BEGIN SUPPLIED ENTRIES

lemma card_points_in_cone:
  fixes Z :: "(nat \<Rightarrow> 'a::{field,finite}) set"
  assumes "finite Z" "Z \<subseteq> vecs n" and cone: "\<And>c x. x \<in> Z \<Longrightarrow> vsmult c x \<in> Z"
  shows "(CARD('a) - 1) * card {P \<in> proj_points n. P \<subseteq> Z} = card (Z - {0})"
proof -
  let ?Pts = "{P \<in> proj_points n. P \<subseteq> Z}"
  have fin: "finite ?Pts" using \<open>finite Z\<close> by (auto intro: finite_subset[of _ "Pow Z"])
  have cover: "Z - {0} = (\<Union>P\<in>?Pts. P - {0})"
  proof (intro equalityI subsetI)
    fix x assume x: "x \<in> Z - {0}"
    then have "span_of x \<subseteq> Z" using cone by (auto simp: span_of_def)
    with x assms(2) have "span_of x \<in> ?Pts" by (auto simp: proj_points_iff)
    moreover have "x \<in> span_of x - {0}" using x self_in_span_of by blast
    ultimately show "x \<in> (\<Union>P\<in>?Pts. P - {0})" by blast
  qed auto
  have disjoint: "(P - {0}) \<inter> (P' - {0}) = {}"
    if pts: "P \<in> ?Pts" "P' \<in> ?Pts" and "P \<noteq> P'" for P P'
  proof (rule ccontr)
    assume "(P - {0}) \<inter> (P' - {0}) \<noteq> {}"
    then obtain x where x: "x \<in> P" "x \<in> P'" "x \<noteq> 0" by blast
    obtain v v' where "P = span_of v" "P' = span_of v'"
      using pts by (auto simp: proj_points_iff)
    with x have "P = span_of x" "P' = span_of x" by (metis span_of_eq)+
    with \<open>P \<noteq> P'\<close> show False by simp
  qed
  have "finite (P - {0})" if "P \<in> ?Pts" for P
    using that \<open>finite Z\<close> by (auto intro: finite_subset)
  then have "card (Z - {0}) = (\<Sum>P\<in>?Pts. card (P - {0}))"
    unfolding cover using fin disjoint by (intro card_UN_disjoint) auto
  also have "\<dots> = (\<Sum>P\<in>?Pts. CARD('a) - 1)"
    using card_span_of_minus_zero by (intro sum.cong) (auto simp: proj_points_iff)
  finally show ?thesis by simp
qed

END SUPPLIED ENTRIES

Type the data again exactly. Leave nothing out.

§ TASK RESPONSE:
lemma card_points_in_cone:
  fixes Z :: "(nat \<Rightarrow> 'a::{field,finite}) set"
  assumes "finite Z" "Z \<subseteq> vecs n" and cone: "\<And>c x. x \<in> Z \<Longrightarrow> vsmult c x \<in> Z"
  shows "(CARD('a) - 1) * card {P \<in> proj_points n. P \<subseteq> Z} = card (Z - {0})"
proof -
  let ?Pts = "{P \<in> proj_points n. P \<subseteq> Z}"
  have fin: "finite ?Pts" using \<open>finite Z\<close> by (auto intro: finite_subset[of _ "Pow Z"])
  have cover: "Z - {0} = (\<Union>P\<in>?Pts. P - {0})"
  proof (intro equalityI subsetI)
    fix x assume x: "x \<in> Z - {0}"
    then have "span_of x \<subseteq> Z" using cone by (auto simp: span_of_def)
    with x assms(2) have "span_of x \<in> ?Pts" by (auto simp: proj_points_iff)
    moreover have "x \<in> span_of x - {0}" using x self_in_span_of by blast
    ultimately show "x \<in> (\<Union>P\<in>?Pts. P - {0})" by blast
  qed auto
  have disjoint: "(P - {0}) \<inter> (P' - {0}) = {}"
    if pts: "P \<in> ?Pts" "P' \<in> ?Pts" and "P \<noteq> P'" for P P'
  proof (rule ccontr)
    assume "(P - {0}) \<inter> (P' - {0}) \<noteq> {}"
    then obtain x where x: "x \<in> P" "x \<in> P'" "x \<noteq> 0" by blast
    obtain v v' where "P = span_of v" "P' = span_of v'"
      using pts by (auto simp: proj_points_iff)
    with x have "P = span_of x" "P' = span_of x" by (metis span_of_eq)+
    with \<open>P \<noteq> P'\<close> show False by simp
  qed
  have "finite (P - {0})" if "P \<in> ?Pts" for P
    using that \<open>finite Z\<close> by (auto intro: finite_subset)
  then have "card (Z - {0}) = (\<Sum>P\<in>?Pts. card (P - {0}))"
    unfolding cover using fin disjoint by (intro card_UN_disjoint) auto
  also have "\<dots> = (\<Sum>P\<in>?Pts. CARD('a) - 1)"
    using card_span_of_minus_zero by (intro sum.cong) (auto simp: proj_points_iff)
  finally show ?thesis by simp
qed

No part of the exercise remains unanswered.